Мать Ларссона была прачкой, а отец - простым рабочим. Жестокий и вспыльчивый, он, напившись, часто срывал гнев на сыне. После очередной попойки он заявил: «Я проклинаю тот день, когда ты родился». Тяжелые воспоминания об этом остались у Ларссона на всю жизнь.

Молодость и первый успех

Талант 13-летнего Карла заметил его учитель в школе для бедных. По совету учителя Ларссон подал заявление на поступление в школу при шведской Королевской академии искусств и был принят.
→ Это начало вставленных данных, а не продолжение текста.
(* Let $X$ be a real Banach space and let $A \subset X$ be a balanced, bounded, convex, closed subset with nonempty interior. If there is a compact subset $K \subset X$ such that $B_X \subset A + K$, then for every $\lambda$ with $0<\lambda < 1/2$, $A$ contains a finite-codimensional ball of radius $\lambda$, i.e. there exist $x \in A$ and a finite-codimensional linear subspace $Y \subset X$ with $x + \lambda B_Y \subset A$.
   Context: $B_X$ is the closed unit ball of $X$ and $B_Y = B_X \cap Y$. $A$ is balanced if $tA \subset A$ for all $|t| \le 1$. $A + K$ is the Minkowski sum $\{a+c: a\in A, c\in K\}$. *)

theory Defs
  imports "HOL-Analysis.Analysis"
begin

definition balanced :: "'a::real_vector set \<Rightarrow> bool" where
  "balanced A \<longleftrightarrow> (\<forall>t::real. \<bar>t\<bar> \<le> 1 \<longrightarrow> (\<lambda>x. t *\<^sub>R x) ` A \<subseteq> A)"

text \<open>A linear subspace Y has finite codimension if Y together with finitely many
  vectors spans the whole space (equivalently, X/Y is finite-dimensional).\<close>
definition finite_codim :: "'a::real_vector set \<Rightarrow> bool" where
  "finite_codim Y \<longleftrightarrow> subspace Y \<and> (\<exists>F. finite F \<and> span (Y \<union> F) = UNIV)"

end

theory Submission
  imports Defs
begin

text \<open>Since A is balanced and convex with nonempty interior, its Minkowski functional p is a
  continuous sublinear functional. Put \<open>\<kappa> = 1/r - 1 > 1\<close>. The compact set of those c in K with
  \<open>p c \<ge> \<kappa>\<close> is covered by finitely many open sets \<open>{c. p (k - c) < \<kappa> - 1}\<close>; for each centre k
  Hahn-Banach gives a linear \<open>g\<^sub>k \<le> p\<close> with \<open>g\<^sub>k k = p k\<close>, and Y is the intersection of their
  kernels. If \<open>a + c \<in> Y\<close> with \<open>a \<in> A\<close>, \<open>c \<in> K\<close> and \<open>p c \<ge> \<kappa>\<close>, then for a nearby centre
  \<open>g\<^sub>k c > \<kappa> - (\<kappa> - 1) = 1\<close>, whereas \<open>g\<^sub>k c = g\<^sub>k (-a) \<le> p (-a) \<le> 1\<close>. So c lies in \<open>\<kappa> A\<close>, and
  every \<open>y = a + c\<close> in the unit ball of Y satisfies \<open>r y = r a + (1 - r) (c / \<kappa>) \<in> A\<close>.\<close>

section \<open>Hahn-Banach theorem\<close>

definition sublinear :: "('a::real_vector \<Rightarrow> real) \<Rightarrow> bool" where
  "sublinear p \<longleftrightarrow> (\<forall>x y. p (x + y) \<le> p x + p y) \<and> (\<forall>t x. 0 < t \<longrightarrow> p (t *\<^sub>R x) = t * p x)"

lemma sublinear_add_le: "sublinear p \<Longrightarrow> p (x + y) \<le> p x + p y"
  by (simp add: sublinear_def)

lemma sublinear_scaleR_pos: "sublinear p \<Longrightarrow> 0 < t \<Longrightarrow> p (t *\<^sub>R x) = t * p x"
  by (simp add: sublinear_def)

lemma sublinear_zero: "sublinear p \<Longrightarrow> p 0 = 0"
  using sublinear_scaleR_pos[of p 2 0] by simp
(* Let $V$ be a real-valued function on the set of all games (as defined in the context) that satisfies Constancy, Dominance, Additivity, Continuity and Indifference. Let $G=(\mathbf{c},\mathbf{r})$ be a game with $n$ outcomes such that $c_i=c_1$ for all $i=1,\dots,n$. Then \[ V(G)=\frac1n\sum_{i=1}^n r_i. \]
   Context: A game with $n$ outcomes ($n\ge1$) is a pair $G=(\mathbf{c},\mathbf{r})$ with $\mathbf{c}\in\mathbb{C}^n$ and $\mathbf{r}\in\mathbb{R}^n$; $V$ assigns a real number to each game. Axioms: Constancy: if $r_i=r_1$ for all $i$, then $V(\mathbf{c},\mathbf{r})=r_1$. Dominance: if $\mathbf{r}\ge\mathbf{r}'$ componentwise, then $V(\mathbf{c},\mathbf{r})\ge V(\mathbf{c},\mathbf{r}')$. Additivity: $V(\mathbf{c},\mathbf{r}+\mathbf{r}')=V(\mathbf{c},\mathbf{r})+V(\mathbf{c},\mathbf{r}')$. Continuity: if games $G_k$ with $n$ outcomes converge to a game $G$ with $n$ outcomes in the metric induced by $\|(\mathbf{c},\mathbf{r})\|:=\|\mathbf{c}\|_3+\|\mathbf{r}\|_1$, then $V(G)=\lim_k V(G_k)$. Indifference: for every permutation $\sigma$ of $\{1,\dots,n\}$, $V(\sigma(\mathbf{c}),\sigma(\mathbf{r}))=V(\mathbf{c},\mathbf{r})$, where $\sigma$ acts on vectors by permuting their components, $(\sigma(\mathbf{v}))_i=v_{\sigma(i)}$. *)

theory Defs
  imports "HOL-Analysis.Analysis" "HOL-Combinatorics.Permutations"
begin

text \<open>A game with n outcomes (n \<ge> 1) is represented by a pair of lists (c, r) of
  equal length n; outcomes are indexed 0..n-1.  V is a real-valued function on such
  pairs; its values on ill-formed pairs are irrelevant.\<close>

definition is_game :: "complex list \<Rightarrow> real list \<Rightarrow> bool" where
  "is_game c r \<longleftrightarrow> length c = length r \<and> length r \<ge> 1"

definition norm3 :: "complex list \<Rightarrow> real" where
  "norm3 c = (\<Sum>i<length c. cmod (c ! i) ^ 3) powr (1/3)"

definition norm1 :: "real list \<Rightarrow> real" where
  "norm1 r = (\<Sum>i<length r. \<bar>r ! i\<bar>)"

definition game_dist :: "complex list \<Rightarrow> real list \<Rightarrow> complex list \<Rightarrow> real list \<Rightarrow> real" where
  "game_dist c r c' r' = norm3 (map2 (-) c c') + norm1 (map2 (-) r r')"

definition constancy :: "(complex list \<Rightarrow> real list \<Rightarrow> real) \<Rightarrow> bool" where
  "constancy V \<longleftrightarrow> (\<forall>c r. is_game c r \<and> (\<forall>i<length r. r ! i = r ! 0) \<longrightarrow> V c r = r ! 0)"

definition dominance :: "(complex list \<Rightarrow> real list \<Rightarrow> real) \<Rightarrow> bool" where
  "dominance V \<longleftrightarrow> (\<forall>c r r'. is_game c r \<and> is_game c r' \<and> (\<forall>i<length r. r ! i \<ge> r' ! i)
      \<longrightarrow> V c r \<ge> V c r')"

definition additivity :: "(complex list \<Rightarrow> real list \<Rightarrow> real) \<Rightarrow> bool" where
  "additivity V \<longleftrightarrow> (\<forall>c r r'. is_game c r \<and> is_game c r'
      \<longrightarrow> V c (map2 (+) r r') = V c r + V c r')"

definition continuity :: "(complex list \<Rightarrow> real list \<Rightarrow> real) \<Rightarrow> bool" where
  "continuity V \<longleftrightarrow> (\<forall>C R c r. is_game c r \<and> (\<forall>k. is_game (C k) (R k) \<and> length (R k) = length r)
      \<and> (\<lambda>k. game_dist (C k) (R k) c r) \<longlonglongrightarrow> 0
      \<longrightarrow> (\<lambda>k. V (C k) (R k)) \<longlonglongrightarrow> V c r)"

definition indifference :: "(complex list \<Rightarrow> real list \<Rightarrow> real) \<Rightarrow> bool" where
  "indifference V \<longleftrightarrow> (\<forall>c r \<sigma>. is_game c r \<and> \<sigma> permutes {..<length r}
      \<longrightarrow> V (permute_list \<sigma> c) (permute_list \<sigma> r) = V c r)"

end

theory Submission
  imports Defs
begin

text \<open>Averaging over the n cyclic rotations of r: when all c_i coincide, Indifference
  gives every rotation the value V(c, r), so by Additivity the componentwise sum of the
  rotations has value n V(c, r). That sum is the constant vector with every entry equal
  to the sum of the r_i, whose value Constancy fixes.\<close>

lemma mset_rotate [simp]: "mset (rotate n xs) = mset xs"
  by (metis append_take_drop_id mset_append rotate_drop_take union_commute)

lemma sum_rotate_nth:
  assumes "i < length xs"
  shows "(\<Sum>k<length xs. rotate k xs ! i) = sum_list xs"
proof -
  have "rotate k xs ! i = rotate i xs ! k" if "k < length xs" for k
    using assms that by (simp add: nth_rotate add.commute)
  then have "(\<Sum>k<length xs. rotate k xs ! i) = (\<Sum>k<length (rotate i xs). rotate i xs ! k)"
    by simp
  also have "\<dots> = sum_list (rotate i xs)"
    by (simp add: sum_list_sum_nth atLeast0LessThan)
  also have "\<dots> = sum_list xs"
    by (metis mset_rotate sum_mset_sum_list)
  finally show ?thesis .
qed

lemma permute_list_constant:
  assumes "\<sigma> permutes {..<length xs}" and "\<forall>i<length xs. xs ! i = xs ! 0"
  shows "permute_list \<sigma> xs = xs"
proof (rule nth_equalityI)
  fix i assume "i < length (permute_list \<sigma> xs)"
  then have "\<sigma> i < length xs"
    using assms(1) permutes_in_image by fastforce
  then show "permute_list \<sigma> xs ! i = xs ! i"
    using assms \<open>i < length (permute_list \<sigma> xs)\<close> by (simp add: permute_list_nth)
qed simp

lemma indifference_mset_eq:
  assumes "indifference V" and "is_game c r"
    and "\<forall>i<length c. c ! i = c ! 0" and "mset r' = mset r"
  shows "V c r' = V c r"
proof -
  obtain \<sigma> where \<sigma>: "\<sigma> permutes {..<length r}" and r': "permute_list \<sigma> r = r'"
    using mset_eq_permutation[OF assms(4)] .
  have "permute_list \<sigma> c = c"
    using \<sigma> assms(2,3) by (intro permute_list_constant) (auto simp: is_game_def)
  then show ?thesis
    using assms(1,2) \<sigma> r' unfolding indifference_def by metis
qed

lemma additivity_zero:
  assumes "additivity V" and "is_game c (replicate n 0)"
  shows "V c (replicate n 0) = 0"
proof -
  have "map2 (+) (replicate n 0) (replicate n 0) = replicate n (0::real)"
    by (simp add: zip_replicate)
  then show ?thesis
    using assms unfolding additivity_def by (metis add_cancel_left_left)
qed

lemma additivity_sum:
  assumes "additivity V" and "finite K" and "is_game c (replicate n 0)"
    and "\<forall>k\<in>K. length (R k) = n"
  shows "V c (map (\<lambda>i. \<Sum>k\<in>K. R k ! i) [0..<n]) = (\<Sum>k\<in>K. V c (R k))"
  using assms(2,4)
proof (induction K rule: finite_induct)
  case empty
  then show ?case
    using additivity_zero[OF assms(1,3)] by (simp add: map_replicate_const)
next
  case (insert k K)
  have "map (\<lambda>i. \<Sum>k\<in>insert k K. R k ! i) [0..<n]
        = map2 (+) (R k) (map (\<lambda>i. \<Sum>k\<in>K. R k ! i) [0..<n])"
    using insert by (intro nth_equalityI) auto
  moreover have "is_game c (R k)" "is_game c (map (\<lambda>i. \<Sum>k\<in>K. R k ! i) [0..<n])"
    using assms(3) insert.prems by (auto simp: is_game_def)
  ultimately show ?case
    using assms(1) insert unfolding additivity_def by simp
qed

theorem lemma2:
  fixes V :: "complex list \<Rightarrow> real list \<Rightarrow> real"
    and c :: "complex list" and r :: "real list"
  assumes "constancy V" and "dominance V" and "additivity V"
    and "continuity V" and "indifference V"
    and "is_game c r"
    and "\<forall>i<length c. c ! i = c ! 0"
  shows "V c r = (\<Sum>i<length r. r ! i) / real (length r)"
proof -
  define n where "n = length r"
  have "n > 0"
    using assms(6) by (auto simp: is_game_def n_def)
  have game_n: "is_game c (replicate n x)" for x :: real
    using assms(6) by (simp add: is_game_def n_def)
  have "sum_list r = V c (replicate n (sum_list r))"
    using assms(1) game_n \<open>n > 0\<close> unfolding constancy_def by simp
  also have "replicate n (sum_list r) = map (\<lambda>i. \<Sum>k<n. rotate k r ! i) [0..<n]"
    by (rule nth_equalityI) (simp_all add: sum_rotate_nth n_def)
  also have "V c \<dots> = (\<Sum>k<n. V c (rotate k r))"
    using assms(3) game_n by (intro additivity_sum) (auto simp: n_def)
  also have "\<dots> = real n * V c r"
  proof -
    have "V c (rotate k r) = V c r" for k
      by (rule indifference_mset_eq[OF assms(5-7)]) simp
    then show ?thesis
      by simp
  qed
  finally have "sum_list r = real n * V c r" .
  then show ?thesis
    using \<open>n > 0\<close> by (simp add: n_def sum_list_sum_nth atLeast0LessThan)
qed

end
В первые годы своего обучения в школе он чувствовал себя там человеком второго сорта, был робок и застенчив.[1] В 1869 году, в возрасте шестнадцати лет, он поступил в «античную школу» при той же академии. Там Ларссон стал более уверенным в себе, и даже приобрел большую известность среди студентов. Свою первую награду Карл получил за рисунок в жанре «ню». Помимо этого, Ларссон работал в качестве художника-карикатуриста в юмористической газете Каспер (швед. Kasper) и иллюстратора в газете Новая иллюстрированная газета (швед. Ny Illustrerad Tidning). Он зарабатывал достаточно, чтобы финансово помогать родителям.

Переезд во Францию

В 1877 году, после нескольких лет работы иллюстратором, Ларссон переезжает в Париж, где ему, однако, несмотря на упорство и стремление, не удается добиться успеха. Не заинтересовало его и популярное тогда во Франции направление импрессионизма. Наоборот, вместе с другими шведскими художниками, он полностью отвергает идею перемен.
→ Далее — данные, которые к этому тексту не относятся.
definition filtration_on :: "'a measure \<Rightarrow> (enat \<Rightarrow> 'a measure) \<Rightarrow> enat set \<Rightarrow> bool" where
  "filtration_on M F I \<longleftrightarrow>
     (\<forall>t\<in>I. subalgebra M (F t)) \<and>
     (\<forall>s\<in>I. \<forall>t\<in>I. s \<le> t \<longrightarrow> sets (F s) \<subseteq> sets (F t))"

definition adapted_on :: "(enat \<Rightarrow> 'a measure) \<Rightarrow> enat set \<Rightarrow> (enat \<Rightarrow> 'a \<Rightarrow> real) \<Rightarrow> bool" where
  "adapted_on F I X \<longleftrightarrow> (\<forall>t\<in>I. X t \<in> borel_measurable (F t))"

definition supermartingale_on ::
  "'a measure \<Rightarrow> (enat \<Rightarrow> 'a measure) \<Rightarrow> enat set \<Rightarrow> (enat \<Rightarrow> 'a \<Rightarrow> real) \<Rightarrow> bool" where
  "supermartingale_on M F I X \<longleftrightarrow>
     adapted_on F I X \<and> (\<forall>t\<in>I. integrable M (X t)) \<and>
     (\<forall>s\<in>I. \<forall>t\<in>I. s \<le> t \<longrightarrow>
        (AE \<omega> in M. real_cond_exp M (F s) (X t) \<omega> \<le> X s \<omega>))"

definition Dset :: "'a measure \<Rightarrow> ('a \<Rightarrow> enat) \<Rightarrow> enat \<Rightarrow> 'a set" where
  "Dset M \<sigma> t = {\<omega> \<in> space M. if t = \<infinity> then \<sigma> \<omega> = \<infinity> else t < \<sigma> \<omega>}"

text \<open>Effective horizon T_e = T min inf{0 \<le> t < T : P(D_(t+1) | F_t) = 0}, inf of
  the empty set being infinity (the version of the conditional probability is
  the one given by real_cond_exp).\<close>
definition eff_horizon ::
  "'a measure \<Rightarrow> (enat \<Rightarrow> 'a measure) \<Rightarrow> ('a \<Rightarrow> enat) \<Rightarrow> enat \<Rightarrow> 'a \<Rightarrow> enat" where
  "eff_horizon M F \<sigma> T \<omega> =
     min T (Inf {enat t | t. enat t < T \<and>
        real_cond_exp M (F (enat t)) (indicator (Dset M \<sigma> (enat (Suc t)))) \<omega> = 0})"

definition stopped :: "('a \<Rightarrow> enat) \<Rightarrow> (enat \<Rightarrow> 'a \<Rightarrow> real) \<Rightarrow> enat \<Rightarrow> 'a \<Rightarrow> real" where
  "stopped \<tau> X t \<omega> = X (min t (\<tau> \<omega>)) \<omega>"

end

theory Submission
  imports Defs
begin

(*
  Both identities follow from the minimality in (ii) and (iii) by perturbing one process at
  the single time t; the reverse inequalities are just the supermartingale properties.

  Off {V_t = G_t} the constraint S_t = 1 is void, so replacing S_t there by the smaller
  E[S_(t+1) | F_t] leaves a nonnegative supermartingale satisfying all constraints of (iii);
  minimality of S forces S_t = E[S_(t+1) | F_t] there.

  Let c = E[S_(t+1) V_(t+1) | F_t], which on {t < T_e} is the conditional expectation of the
  stopped product. Where t < T_e, S_t > 0, V_t > G_t and S_t V_t > c, lowering V_t to
  max(G_t, c / S_t) keeps V above G and the stopped product a supermartingale, but makes V
  strictly smaller; by minimality of V this set is null.
*)

lemma filtration_on_subset:
  "filtration_on M F I \<Longrightarrow> J \<subseteq> I \<Longrightarrow> filtration_on M F J"
  unfolding filtration_on_def by (meson subsetD)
Проведя два лета в Барбизоне, где жили тогда многие художники-пейзажисты, в 1882 году Ларссон вместе со своими коллегами из Швеции обосновался в Гре-сюр-Луэн, небольшом городке в пригороде Парижа. Именно там он и повстречал Карин Бергее, которая вскоре стала его женой. Эта встреча стала поворотным моментом в жизни художника. Там, в Гре-сюр-Луэн, Ларссон написал несколько своих наиболее значимых работ, выполненных уже в технике акварели и очень отличавшихся от его прошлых полотен маслом.

Семья

У Карла и Карин было восемь детей (Сюзанна (1884), Ульф (1887, умер в 18 лет), Понт (1888), Лисбет (1891), Брита (1893), Матс (1894, умер в возрасте 2 месяцев), Шестин (1896) и Эсбьорн (1900)), и именно жизнь своей семьи Ларссон чаще всего запечатлевает на своих полотнах. Многие интерьеры, изображенные в его картинах, были нарисованы его женой, которая также работала в качестве дизайнера интерьера.
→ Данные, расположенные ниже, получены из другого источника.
text \<open>Otherwise \<open>\<phi>\<close> would kill the whole centre \<open>\<real>/D\<close>.\<close>

lemma transl_map_nonzero: "\<exists>z. transl_map z \<noteq> 0"
proof (rule ccontr)
  assume "\<not> (\<exists>z. transl_map z \<noteq> 0)"
  then have zero: "symp_form (transl_map v) (transl_map v') = 0" for v v' by (simp add: symp_form_def)
  have all: "c \<in> heights" for c
  proof -
    have "symp_form 1 (\<i> * of_real c) = c" by (simp add: symp_form_def)
    then have "proj (lift (central c)) = proj (central 0)"
      using proj_lift_central[of 1 "\<i> * of_real c"] by (simp only: zero)
    then have "proj (lift (central c)) = proj \<one>\<^bsub>SDP\<^esub>" by (simp only: central_0)
    then show ?thesis by (simp only: proj_lift_eq_one_iff[OF central_in_carrier] proj_central_eq_one_iff)
  qed
  obtain e where e: "e > 0" "\<forall>c. central c \<in> D \<and> \<bar>c\<bar> < e \<longrightarrow> c = 0" using discrete by blast
  moreover have "central (e / 2) \<in> D" using all[of "e / 2"] by (simp add: heights_def)
  moreover have "\<bar>e / 2\<bar> < e" using e(1) by simp
  ultimately have "e / 2 = 0" by blast
  with e(1) show False by simp
qed

lemma circle_equivariant: "circle_equivariant transl_map rot_char"
  by unfold_locales
    (simp_all add: transl_map_add transl_map_equivariant rot_char_unit rot_char_mult transl_map_nonzero)


lemma twisted_conj_rot_transl:
  assumes "(proj x, proj y) \<in> twisted_conj W phi" "x \<in> carrier SDP" "y \<in> carrier SDP"
  obtains g where "g \<in> carrier SDP" "rot y = rot g * rot x * cnj (rot_char (rot g))"
    "transl y = transl g + rot g * transl x - rot g * rot x * cnj (rot_char (rot g)) * phi_transl g"
proof -
  obtain G where G: "G \<in> carrier W" "proj y = G \<otimes>\<^bsub>W\<^esub> proj x \<otimes>\<^bsub>W\<^esub> inv\<^bsub>W\<^esub> (phi G)"
    using assms(1) unfolding twisted_conj_def by blast
  obtain g where g: "g \<in> carrier SDP" "G = proj g" using G(1) carrier_W by auto
  have "proj y = proj (g \<otimes>\<^bsub>SDP\<^esub> x \<otimes>\<^bsub>SDP\<^esub> inv\<^bsub>SDP\<^esub> (lift g))"
    using G g assms(2) by (simp add: lift)
  moreover have "g \<otimes>\<^bsub>SDP\<^esub> x \<otimes>\<^bsub>SDP\<^esub> inv\<^bsub>SDP\<^esub> (lift g) \<in> carrier SDP"
    using g assms(2) by (simp add: lift)
  ultimately have "rot y = rot (g \<otimes>\<^bsub>SDP\<^esub> x \<otimes>\<^bsub>SDP\<^esub> inv\<^bsub>SDP\<^esub> (lift g))"
    "transl y = transl (g \<otimes>\<^bsub>SDP\<^esub> x \<otimes>\<^bsub>SDP\<^esub> inv\<^bsub>SDP\<^esub> (lift g))"
    using proj_eq_iff assms(3) by blast+
  then show ?thesis
    using that g(1) assms(2) lift[OF g(1)] phi_rot_eq_rot_char[OF g(1)]
    by (simp add: rot_transl_height_mult rot_transl_inv phi_rot_def phi_transl_def algebra_simps)
qed

text \<open>If \<open>rot_char = id\<close>, twisting conjugates the rotation part, which is therefore a class invariant.\<close>

lemma R_infinite_if_rot_char_id:
  assumes "\<forall>u. cmod u = 1 \<longrightarrow> rot_char u = u"
  shows "R_infinite W phi"
proof -
  define u where "u a = Complex a (sqrt (1 - a * a))" for a
  have u: "cmod (u a) = 1" if "a \<in> {0..1}" for a
  proof -
    have "a * a \<le> 1" using that by (simp add: mult_le_one)
    then show ?thesis by (simp add: u_def norm_eq_1_iff_Re_Im power2_eq_square)
  qed
  show ?thesis
  proof (rule infinite_twisted_classes[OF W.is_group phi.homh,
      where S = "{0..1}" and f = "\<lambda>a. proj (sdp_of (u a) 0 0)"])
    show "(\<lambda>a. proj (sdp_of (u a) 0 0)) ` {0..1} \<subseteq> carrier W" using u by auto
    fix a b assume "a \<in> {0..1}" "b \<in> {0..1}"
      and "(proj (sdp_of (u a) 0 0), proj (sdp_of (u b) 0 0)) \<in> twisted_conj W phi"
    then obtain g where "g \<in> carrier SDP" "u b = rot g * u a * cnj (rot_char (rot g))"
      using u by (elim twisted_conj_rot_transl) auto
    then have "u b = u a" using assms carrier_SDP_sdp_of(2)
      by (simp add: algebra_simps unit_mult_cnj)
    then show "a = b" by (simp add: u_def complex_eq_iff)
  qed simp
qed

lemma heights_scale_iff:
  assumes "\<forall>z. transl_map z = w * cnj z"
  shows "- (cmod w)\<^sup>2 * c \<in> heights \<longleftrightarrow> c \<in> heights"
proof -
  have "symp_form (transl_map 1) (transl_map (\<i> * of_real c)) =
      symp_form (w * cnj 1) (w * cnj (\<i> * of_real c))"
    using assms by simp
  also have "\<dots> = - (cmod w)\<^sup>2 * symp_form 1 (\<i> * of_real c)" by (rule symp_form_conj)
  also have "\<dots> = - (cmod w)\<^sup>2 * c" by (simp add: symp_form_def)
  moreover have "symp_form 1 (\<i> * of_real c) = c" by (simp add: symp_form_def)
  ultimately have "proj (lift (central c)) = proj (central (- (cmod w)\<^sup>2 * c))"
    using proj_lift_central[of 1 "\<i> * of_real c"] by simp
  then show ?thesis using proj_lift_eq_one_iff[OF central_in_carrier, of c]
    by (simp only: proj_central_eq_one_iff)
qed

text \<open>\<open>D\<close> is infinite and discrete, so it cannot be invariant under a scaling other than \<open>\<pm>1\<close>.\<close>

lemma transl_map_conj_unit:
  assumes w: "w \<noteq> 0" and transl_map: "\<forall>z. transl_map z = w * cnj z"
  shows "cmod w = 1"
proof -
  define t where "t = (cmod w)\<^sup>2"
  have t: "t > 0" using w by (simp add: t_def)
  have heights_iff: "- t * c \<in> heights \<longleftrightarrow> c \<in> heights" for c
    unfolding t_def using transl_map by (rule heights_scale_iff)
  obtain d where d: "d \<in> heights" "d \<noteq> 0" by (rule heights_nonzero)
  obtain e where e: "e > 0" "\<forall>c. central c \<in> D \<and> \<bar>c\<bar> < e \<longrightarrow> c = 0" using discrete by blast
  have "t = 1"
  proof (rule discrete_scaling_invariant_eq_1[OF d e(1) _ t])
    show "c = 0" if "c \<in> heights" "\<bar>c\<bar> < e" for c using that e(2) by (simp add: heights_def)
    show "t * c \<in> heights" if "c \<in> heights" for c
      using heights_iff[of c] heights_uminus[of "- t * c"] that by simp
    show "c / t \<in> heights" if "c \<in> heights" for c
      using heights_iff[of "- c / t"] heights_uminus[of "- (c / t)"] that t by simp
  qed
  then show ?thesis using norm_ge_zero[of w] by (simp add: t_def power2_eq_1_iff)
qed

text \<open>If \<open>rot_char = cnj\<close>, twisting maps a translation \<open>z\<close> to \<open>\<pm>z\<close> plus a translation killed by
  \<open>reflection_sum w\<close>, up to the fixed shift coming from the rotation by \<open>\<pi>\<close>.\<close>

lemma twisted_conj_reflection_sum:
  assumes w: "cmod w = 1" and transl_map: "\<forall>z. transl_map z = w * cnj z"
    and rot_char: "\<forall>u. cmod u = 1 \<longrightarrow> rot_char u = cnj u"
    and conj: "(proj (sdp_of 1 z 0), proj (sdp_of 1 z' 0)) \<in> twisted_conj W phi"
  shows "reflection_sum w z' = reflection_sum w z \<or>
    reflection_sum w z' = - reflection_sum w z - reflection_sum w (phi_transl (sdp_of (-1) 0 0))"
proof -
  obtain g where g: "g \<in> carrier SDP" "1 = rot g * cnj (rot_char (rot g))"
    "z' = transl g + rot g * z - rot g * cnj (rot_char (rot g)) * phi_transl g"
    using conj by (elim twisted_conj_rot_transl) auto
  define u where "u = rot g"
  have "cmod u = 1" using g(1) carrier_SDP_sdp_of(2) by (simp add: u_def)
  then have "cnj (rot_char u) = u" using rot_char by simp
  then have uu: "u * u = 1" and z': "z' = transl g + u * z - u * u * phi_transl g"
    using g(2,3) by (simp_all add: u_def)
  define a where "a = transl g - w * cnj (transl g)"
  have a: "reflection_sum w a = 0" using w by (simp add: a_def reflection_sum_antifixed)
  have "phi_transl g = w * cnj (transl g) + phi_transl (sdp_of u 0 0)"
    using phi_transl_decomp[OF g(1)] transl_map by (simp add: u_def)
  then have z'_eq: "z' = a + u * z - phi_transl (sdp_of u 0 0)"
    using z' uu by (simp add: a_def algebra_simps)
  have "(u - 1) * (u + 1) = 0" using uu by (simp add: algebra_simps)
  then consider "u = 1" | "u = -1" by (auto simp: eq_neg_iff_add_eq_0)
  then show ?thesis
  proof cases
    case 1
    then have "z' = a + z"
      using z'_eq phi_rot_transl_one(2) by (simp add: sdp_of_one)
    then show ?thesis using a by (simp add: reflection_sum_add)
  next
    case 2
    then have "z' = a - z - phi_transl (sdp_of (-1) 0 0)"
      using z'_eq by simp
    then show ?thesis using a by (simp add: reflection_sum_diff)
  qed
qed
В 1888 семья получила в подарок от родителей супруги маленький дом в окрестностях Сундборна, к северу от Стокгольма. Идиллическая жизнь в собственном доме в окружении жены и детей становится источником вдохновения для художника. На своих полотнах он изображает жизнь своей семьи. Эти работы становятся выражением внутреннего мира и творческой манеры художника.

Последние годы жизни

В последние годы своей жизни художник страдал от приступов депрессии. Во время работы над большим полотном «Зимняя жертва» для вестибюля Национального музея у Ларссона возникли проблемы со зрением, что привело к усилению и без того частых головных болей.[2] Перенеся в январе 1919 года инсульт, он посвятил оставшееся время написанию мемуаров.[2] Умер он 22 января 1919 года в Фалуне.

Творчество

Благодаря книгам и картинам Ларрсона и его жены, дом супругов, который они назвали «Лилла Хюттнес», стал популярным местом среди туристов из разных стран, а интерьер дома, являющийся выражением художественного вкуса его хозяев, стал крайне популярным в Швеции. Сейчас дом принадлежит потомкам Карла и Карин и открыт для посетителей с мая по октябрь.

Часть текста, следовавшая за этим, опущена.